The treatment group is the set of users in an experiment who see the changed experience. They're exposed to the new feature, the redesigned flow, or the modified algorithm that the experiment is testing. The difference in metrics between the treatment group and the control group is the treatment effect: the causal impact of the change.
In Confidence, the treatment group is defined by a feature flag variant. When the experiment starts, the flag's assignment logic routes a percentage of users to the treatment variant. Those users get the new experience. Everyone else gets the control (the current experience). The comparison between these two groups is what turns a product change from a guess into evidence. At Spotify, where 42% of experiments are rolled back after guardrail metrics detect regressions, the treatment group is where those regressions first become visible.
How are users assigned to the treatment group?
Assignment works through deterministic hashing. Confidence takes the user's ID and an experiment-specific salt, runs them through a hash function, and maps the output to a variant.
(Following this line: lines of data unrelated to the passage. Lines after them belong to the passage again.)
lemma chain_solution_suffix:
  "1 \<le> k \<Longrightarrow> k \<le> n + 1 \<Longrightarrow> b \<in> DB k \<Longrightarrow>
     \<exists>X B. chain_solution C D DB k (n + 1) X B \<and> B k = b"
proof (induction "n + 1 - k" arbitrary: k b)
  case 0
  then show ?case by (auto simp: chain_solution_def)
next
  case (Suc m)
  then have k: "k \<in> {1..n}" by auto
  then obtain x z where xz: "x \<in> D k" "z \<in> DB (k + 1)" "C x b z"
    using links_gac Suc.prems unfolding gac3_def by blast
  have "m = n + 1 - (k + 1)" using Suc.hyps(2) by simp
  then obtain X B where XB: "chain_solution C D DB (k + 1) (n + 1) X B" "B (k + 1) = z"
    using Suc.hyps(1)[of "k + 1" z] xz(2) k by auto
  have link: "chain_solution C D DB k (k + 1) (\<lambda>_. x) (\<lambda>j. if j \<le> k then b else z)"
    by (rule chain_solution_link) (use xz Suc.prems in simp_all)
  have "chain_solution C D DB k (n + 1) (glue (k + 1) (\<lambda>_. x) X)
          (glue (k + 1) (\<lambda>j. if j \<le> k then b else z) B)"
    using chain_solution_glue[OF link XB(1)] XB(2) k by simp
  moreover have "glue (k + 1) (\<lambda>j. if j \<le> k then b else z) B k = b" by (simp add: glue_def)
  ultimately show ?case by blast
qed

lemma chain_gac:
  assumes i: "i \<in> {1..n}" and d: "d \<in> D i"
  shows "\<exists>X B. chain_solution C D DB 1 (n + 1) X B \<and> X i = d"
proof -
  obtain b b' where bb: "b \<in> DB i" "b' \<in> DB (i + 1)" "C d b b'"
    using links_gac i d unfolding gac3_def by blast
  obtain X1 B1 where pre: "chain_solution C D DB 1 i X1 B1" "B1 i = b"
    using chain_solution_prefix[of i b] i bb by auto
  obtain X2 B2 where suf: "chain_solution C D DB (i + 1) (n + 1) X2 B2" "B2 (i + 1) = b'"
    using chain_solution_suffix[of "i + 1" b'] i bb by auto
  have link: "chain_solution C D DB i (i + 1) (\<lambda>_. d) (\<lambda>j. if j \<le> i then b else b')"
    by (rule chain_solution_link) (use d bb in simp_all)
  define Xl Bl where "Xl = glue i X1 (\<lambda>_. d)" and "Bl = glue i B1 (\<lambda>j. if j \<le> i then b else b')"
  have "chain_solution C D DB 1 (i + 1) Xl Bl"
    unfolding Xl_def Bl_def using chain_solution_glue[OF pre(1) link] pre(2) i by simp
  then have "chain_solution C D DB 1 (n + 1) (glue (i + 1) Xl X2) (glue (i + 1) Bl B2)"
    using chain_solution_glue[OF _ suf(1)] suf(2) i by (simp add: Bl_def glue_def)
  moreover have "glue (i + 1) Xl X2 i = d" by (simp add: glue_def Xl_def)
  ultimately show ?thesis by blast
qed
If the hash falls within the treatment range (for example, the lower 50% of the hash space in a 50/50 split), the user sees the treatment.
This approach has three properties that matter for experiment validity.
Deterministic. The same user always gets the same assignment, across sessions, devices, and days. No state needs to be stored. Confidence's feature flags evaluate in-process at 10 to 50 microseconds with no network call.
Random. User IDs have no systematic relationship to the hash output, so the assignment is effectively random. The treatment group ends up statistically equivalent to the control group on every observable and unobservable characteristic.
Experiment-specific. The salt changes per experiment, so a user who's in the treatment group for one experiment might be in the control group for another. This prevents the same users from always being "early adopters" of every change, which would bias the measured treatment effects across the organization's experiment portfolio.
What is the treatment effect?
The treatment effect is the difference in a metric between the treatment and control groups. If the treatment group's conversion rate is 4.2% and the control group's is 4.0%, the estimated treatment effect is 0.2 percentage points.
The key word is "estimated." The observed difference includes both the true treatment effect and random noise. Statistical significance testing determines whether the observed difference is large enough, relative to the noise, to be unlikely under the assumption that the treatment had no effect (the null hypothesis).
In Confidence, the treatment effect is reported alongside a confidence interval that quantifies the uncertainty. A treatment effect of 0.2 percentage points with a 95% confidence interval of [0.05, 0.35] means you can be reasonably confident the true effect is positive. A treatment effect of 0.2 with a confidence interval of [-0.1, 0.5] means the data is consistent with no effect at all.
Can an experiment have more than one treatment group?
Yes. An A/B/n test has one control group and multiple treatment groups, each seeing a different variant. This is useful when you want to compare several alternatives simultaneously rather than testing them one at a time.
Each additional treatment group requires its own share of traffic. In a test with one control and three treatments, each group gets roughly 25% of users. The power per comparison drops accordingly, so you either need more traffic or a longer experiment to detect the same effect size.
Confidence supports A/B/n experiments natively and applies multiple testing corrections to account for the additional comparisons. Without these corrections, comparing three treatments to one control at a 5% significance level would produce a roughly 14% chance of at least one false positive.